START EXERCISE DATA

lemma gaussian_law_Re_cinner:
  "gaussian_law (complex_gaussian_vector d) (\<lambda>a. Re (cinner d a x)) (cnorm2 d x / sqrt 2)"
proof -
  have "gaussian_law (real_gaussian_vector d \<Otimes>\<^sub>M real_gaussian_vector d)
      (\<lambda>p. (\<Sum>k<d. Re (x k) / sqrt 2 * fst p k) + (\<Sum>k<d. Im (x k) / sqrt 2 * snd p k))
      (sqrt ((sqrt (\<Sum>k<d. (Re (x k) / sqrt 2)\<^sup>2))\<^sup>2 + (sqrt (\<Sum>k<d. (Im (x k) / sqrt 2)\<^sup>2))\<^sup>2))"
    by (intro gaussian_law_pair_add prob_space_real_gaussian_vector gaussian_law_linear_form) measurable
  also have "sqrt ((sqrt (\<Sum>k<d. (Re (x k) / sqrt 2)\<^sup>2))\<^sup>2 + (sqrt (\<Sum>k<d. (Im (x k) / sqrt 2)\<^sup>2))\<^sup>2)
      = cnorm2 d x / sqrt 2"
    by (simp add: cnorm2_def sum_nonneg power_divide cmod_power2 sum.distrib
        flip: sum_divide_distrib add_divide_distrib real_sqrt_divide)
  finally have law: "gaussian_law (real_gaussian_vector d \<Otimes>\<^sub>M real_gaussian_vector d)
      (\<lambda>p. (\<Sum>k<d. Re (x k) / sqrt 2 * fst p k) + (\<Sum>k<d. Im (x k) / sqrt 2 * snd p k))
      (cnorm2 d x / sqrt 2)" .
  have Re_cinner: "Re (cinner d (\<lambda>k\<in>{..<d}. Complex (u k / sqrt 2) (v k / sqrt 2)) x)
      = (\<Sum>k<d. Re (x k) / sqrt 2 * u k) + (\<Sum>k<d. Im (x k) / sqrt 2 * v k)" for u v
    by (simp add: cinner_def sum.distrib algebra_simps)
  have "gaussian_law (real_gaussian_vector d \<Otimes>\<^sub>M real_gaussian_vector d)
      (\<lambda>(u, v). Re (cinner d (\<lambda>k\<in>{..<d}. Complex (u k / sqrt 2) (v k / sqrt 2)) x)) (cnorm2 d x / sqrt 2)"
    by (rule gaussian_law_cong[OF law]) (auto simp: Re_cinner)
  moreover have "(\<lambda>(u, v). \<lambda>k\<in>{..<d}. Complex (u k / sqrt 2) (v k / sqrt 2))
      \<in> measurable (real_gaussian_vector d \<Otimes>\<^sub>M real_gaussian_vector d) (PiM {..<d} (\<lambda>_. borel))"
    by measurable
  ultimately show ?thesis
    unfolding complex_gaussian_vector_def by (simp add: gaussian_law_distr case_prod_beta')
qed

lemma gaussian_law_Im_cinner:
  "gaussian_law (complex_gaussian_vector d) (\<lambda>a. Im (cinner d a x)) (cnorm2 d x / sqrt 2)"
proof -
  have "cinner d a (\<lambda>k. - \<i> * x k) = - \<i> * cinner d a x" for a
    by (simp add: cinner_def sum_distrib_left algebra_simps)
  moreover have "cnorm2 d (\<lambda>k. - \<i> * x k) = cnorm2 d x"
    by (simp add: cnorm2_def norm_mult)
  ultimately show ?thesis
    by (intro gaussian_law_cong[OF gaussian_law_Re_cinner[of d "\<lambda>k. - \<i> * x k"]]) simp_all
qed

lemma nn_integral_exp_shifted_square_half_variance_le:
  fixes l c r \<rho> :: real
  assumes X: "gaussian_law M X (c / sqrt 2)" and l: "\<bar>2 * l * c\<^sup>2\<bar> \<le> 1/2" and r: "r\<^sup>2 \<le> \<rho>\<^sup>2"
  shows "(\<integral>\<^sup>+\<omega>. ennreal (exp (2 * l * ((X \<omega> + r)\<^sup>2 - r\<^sup>2))) \<partial>M)
    \<le> ennreal (exp (l * c\<^sup>2 + 4 * l\<^sup>2 * c^4 + 8 * l\<^sup>2 * c\<^sup>2 * \<rho>\<^sup>2))"
proof -
  have \<sigma>2: "(c / sqrt 2)\<^sup>2 = c\<^sup>2 / 2"
    by (simp add: power_divide)
  have \<sigma>4: "(c / sqrt 2)^4 = c^4 / 4"
    by (simp add: power_divide power_mult[of "sqrt 2" 2 2, simplified])
  have "\<bar>2 * (2 * l) * (c / sqrt 2)\<^sup>2\<bar> \<le> 1/2"
    using l by (simp add: \<sigma>2)
  from nn_integral_exp_shifted_square_le[OF X this, of r]
  have "(\<integral>\<^sup>+\<omega>. ennreal (exp (2 * l * ((X \<omega> + r)\<^sup>2 - r\<^sup>2))) \<partial>M)
    \<le> ennreal (exp (l * c\<^sup>2 + 4 * l\<^sup>2 * c^4 + 8 * l\<^sup>2 * c\<^sup>2 * r\<^sup>2))"
    by (simp add: \<sigma>2 \<sigma>4 algebra_simps)
  also have "\<dots> \<le> ennreal (exp (l * c\<^sup>2 + 4 * l\<^sup>2 * c^4 + 8 * l\<^sup>2 * c\<^sup>2 * \<rho>\<^sup>2))"
    using r by (intro ennreal_leI) (simp add: mult_left_mono)
  finally show ?thesis .
qed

END EXERCISE DATA

> **REQUIRED ACTION**
Lines containing the word "using" are to be pulled from the records and copied.

> **SOLUTION TO THIS EXERCISE**
    using l by (simp add: \<sigma>2)
    using r by (intro ennreal_leI) (simp add: mult_left_mono)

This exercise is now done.